• [TASK TO COMPLETE]: For each line below, check whether "intro" is present. Report how many lines have it, nothing else.

(Stored items)
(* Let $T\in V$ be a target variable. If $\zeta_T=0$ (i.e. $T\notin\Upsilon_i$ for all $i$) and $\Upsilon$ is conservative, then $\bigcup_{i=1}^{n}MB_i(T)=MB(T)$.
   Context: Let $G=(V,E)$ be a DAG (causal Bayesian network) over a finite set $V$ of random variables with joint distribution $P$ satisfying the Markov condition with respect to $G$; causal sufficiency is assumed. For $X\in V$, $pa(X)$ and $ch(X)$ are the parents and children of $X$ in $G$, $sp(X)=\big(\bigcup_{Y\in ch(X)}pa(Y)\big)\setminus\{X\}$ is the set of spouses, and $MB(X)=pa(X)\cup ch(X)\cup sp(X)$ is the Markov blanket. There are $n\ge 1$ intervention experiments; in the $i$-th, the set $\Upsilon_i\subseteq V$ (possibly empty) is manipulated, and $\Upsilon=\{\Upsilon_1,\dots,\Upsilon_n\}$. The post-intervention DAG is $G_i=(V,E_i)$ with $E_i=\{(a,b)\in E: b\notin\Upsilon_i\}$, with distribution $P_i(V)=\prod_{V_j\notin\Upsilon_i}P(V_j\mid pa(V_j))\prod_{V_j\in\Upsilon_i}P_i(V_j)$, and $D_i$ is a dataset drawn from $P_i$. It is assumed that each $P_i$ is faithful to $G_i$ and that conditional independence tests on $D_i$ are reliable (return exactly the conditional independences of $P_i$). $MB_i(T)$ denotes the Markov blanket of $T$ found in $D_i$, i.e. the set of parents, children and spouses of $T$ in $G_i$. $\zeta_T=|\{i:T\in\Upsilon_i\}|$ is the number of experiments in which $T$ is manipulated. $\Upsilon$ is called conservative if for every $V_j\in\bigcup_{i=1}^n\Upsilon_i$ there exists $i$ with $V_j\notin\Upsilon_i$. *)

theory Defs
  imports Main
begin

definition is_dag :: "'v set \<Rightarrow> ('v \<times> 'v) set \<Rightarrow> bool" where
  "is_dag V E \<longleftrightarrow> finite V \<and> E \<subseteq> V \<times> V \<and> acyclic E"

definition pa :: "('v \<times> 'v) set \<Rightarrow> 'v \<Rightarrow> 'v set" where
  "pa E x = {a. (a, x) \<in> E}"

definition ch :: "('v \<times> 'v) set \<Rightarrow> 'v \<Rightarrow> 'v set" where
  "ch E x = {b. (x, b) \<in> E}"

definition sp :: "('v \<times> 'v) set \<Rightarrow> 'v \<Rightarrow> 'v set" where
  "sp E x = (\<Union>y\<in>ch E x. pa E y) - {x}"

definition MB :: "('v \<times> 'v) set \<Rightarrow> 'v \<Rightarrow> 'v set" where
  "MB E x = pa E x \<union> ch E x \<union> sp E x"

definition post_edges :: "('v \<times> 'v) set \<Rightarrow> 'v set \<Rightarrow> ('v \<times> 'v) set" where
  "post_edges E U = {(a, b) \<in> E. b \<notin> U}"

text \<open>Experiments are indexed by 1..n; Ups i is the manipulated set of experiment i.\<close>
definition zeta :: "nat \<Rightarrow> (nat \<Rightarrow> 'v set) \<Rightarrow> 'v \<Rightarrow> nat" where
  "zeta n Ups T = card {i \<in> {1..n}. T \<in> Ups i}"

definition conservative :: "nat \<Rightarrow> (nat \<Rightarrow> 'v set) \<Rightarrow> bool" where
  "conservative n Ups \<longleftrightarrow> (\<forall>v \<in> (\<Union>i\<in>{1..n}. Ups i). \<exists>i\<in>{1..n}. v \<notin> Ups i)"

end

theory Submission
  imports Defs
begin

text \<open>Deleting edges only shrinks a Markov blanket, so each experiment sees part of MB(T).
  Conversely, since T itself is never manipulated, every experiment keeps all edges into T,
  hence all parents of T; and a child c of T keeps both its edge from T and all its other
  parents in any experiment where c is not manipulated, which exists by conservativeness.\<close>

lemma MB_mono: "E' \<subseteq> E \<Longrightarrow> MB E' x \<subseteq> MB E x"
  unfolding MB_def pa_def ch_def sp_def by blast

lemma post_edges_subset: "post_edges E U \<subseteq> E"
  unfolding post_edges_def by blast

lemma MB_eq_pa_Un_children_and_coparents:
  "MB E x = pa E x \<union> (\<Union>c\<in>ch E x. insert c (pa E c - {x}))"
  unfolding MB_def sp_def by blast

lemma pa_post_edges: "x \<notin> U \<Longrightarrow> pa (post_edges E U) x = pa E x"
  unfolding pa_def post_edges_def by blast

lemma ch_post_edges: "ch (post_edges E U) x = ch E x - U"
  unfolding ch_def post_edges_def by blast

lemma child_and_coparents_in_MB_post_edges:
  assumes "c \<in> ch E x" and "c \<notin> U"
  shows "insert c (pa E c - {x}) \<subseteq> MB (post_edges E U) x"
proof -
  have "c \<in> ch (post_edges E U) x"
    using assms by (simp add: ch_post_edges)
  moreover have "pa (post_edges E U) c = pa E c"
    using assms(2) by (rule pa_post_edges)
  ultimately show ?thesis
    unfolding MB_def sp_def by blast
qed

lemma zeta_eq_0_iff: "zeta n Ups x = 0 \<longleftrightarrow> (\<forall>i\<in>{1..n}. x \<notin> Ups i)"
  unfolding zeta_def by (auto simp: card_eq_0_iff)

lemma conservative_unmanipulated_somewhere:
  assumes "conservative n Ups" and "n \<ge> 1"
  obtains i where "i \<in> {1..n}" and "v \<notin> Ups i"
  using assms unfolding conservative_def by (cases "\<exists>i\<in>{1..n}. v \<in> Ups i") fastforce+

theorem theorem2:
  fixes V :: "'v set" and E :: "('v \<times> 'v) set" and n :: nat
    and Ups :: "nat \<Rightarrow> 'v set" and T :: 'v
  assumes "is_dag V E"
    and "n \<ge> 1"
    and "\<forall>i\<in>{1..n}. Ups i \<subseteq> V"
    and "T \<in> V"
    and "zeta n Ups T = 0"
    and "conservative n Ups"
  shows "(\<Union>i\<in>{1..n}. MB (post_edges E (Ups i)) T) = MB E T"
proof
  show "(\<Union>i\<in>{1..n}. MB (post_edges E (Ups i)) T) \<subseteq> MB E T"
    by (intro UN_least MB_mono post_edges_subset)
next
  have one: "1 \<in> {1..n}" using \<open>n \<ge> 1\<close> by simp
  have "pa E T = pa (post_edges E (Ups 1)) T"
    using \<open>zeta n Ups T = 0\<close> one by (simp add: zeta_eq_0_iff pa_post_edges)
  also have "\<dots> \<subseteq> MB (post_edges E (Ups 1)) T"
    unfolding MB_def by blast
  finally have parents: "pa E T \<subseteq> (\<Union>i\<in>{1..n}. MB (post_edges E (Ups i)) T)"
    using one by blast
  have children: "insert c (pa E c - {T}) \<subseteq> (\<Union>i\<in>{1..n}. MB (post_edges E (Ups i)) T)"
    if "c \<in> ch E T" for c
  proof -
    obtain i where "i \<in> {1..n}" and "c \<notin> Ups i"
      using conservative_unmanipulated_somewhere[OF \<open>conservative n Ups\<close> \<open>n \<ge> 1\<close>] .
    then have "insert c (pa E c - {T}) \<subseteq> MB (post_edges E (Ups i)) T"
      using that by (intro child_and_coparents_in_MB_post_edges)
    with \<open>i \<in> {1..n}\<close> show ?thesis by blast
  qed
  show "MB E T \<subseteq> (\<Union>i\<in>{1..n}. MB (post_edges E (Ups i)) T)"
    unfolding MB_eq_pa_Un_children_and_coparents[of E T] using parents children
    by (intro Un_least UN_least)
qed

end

• [RESULT OF THIS TASK]: 3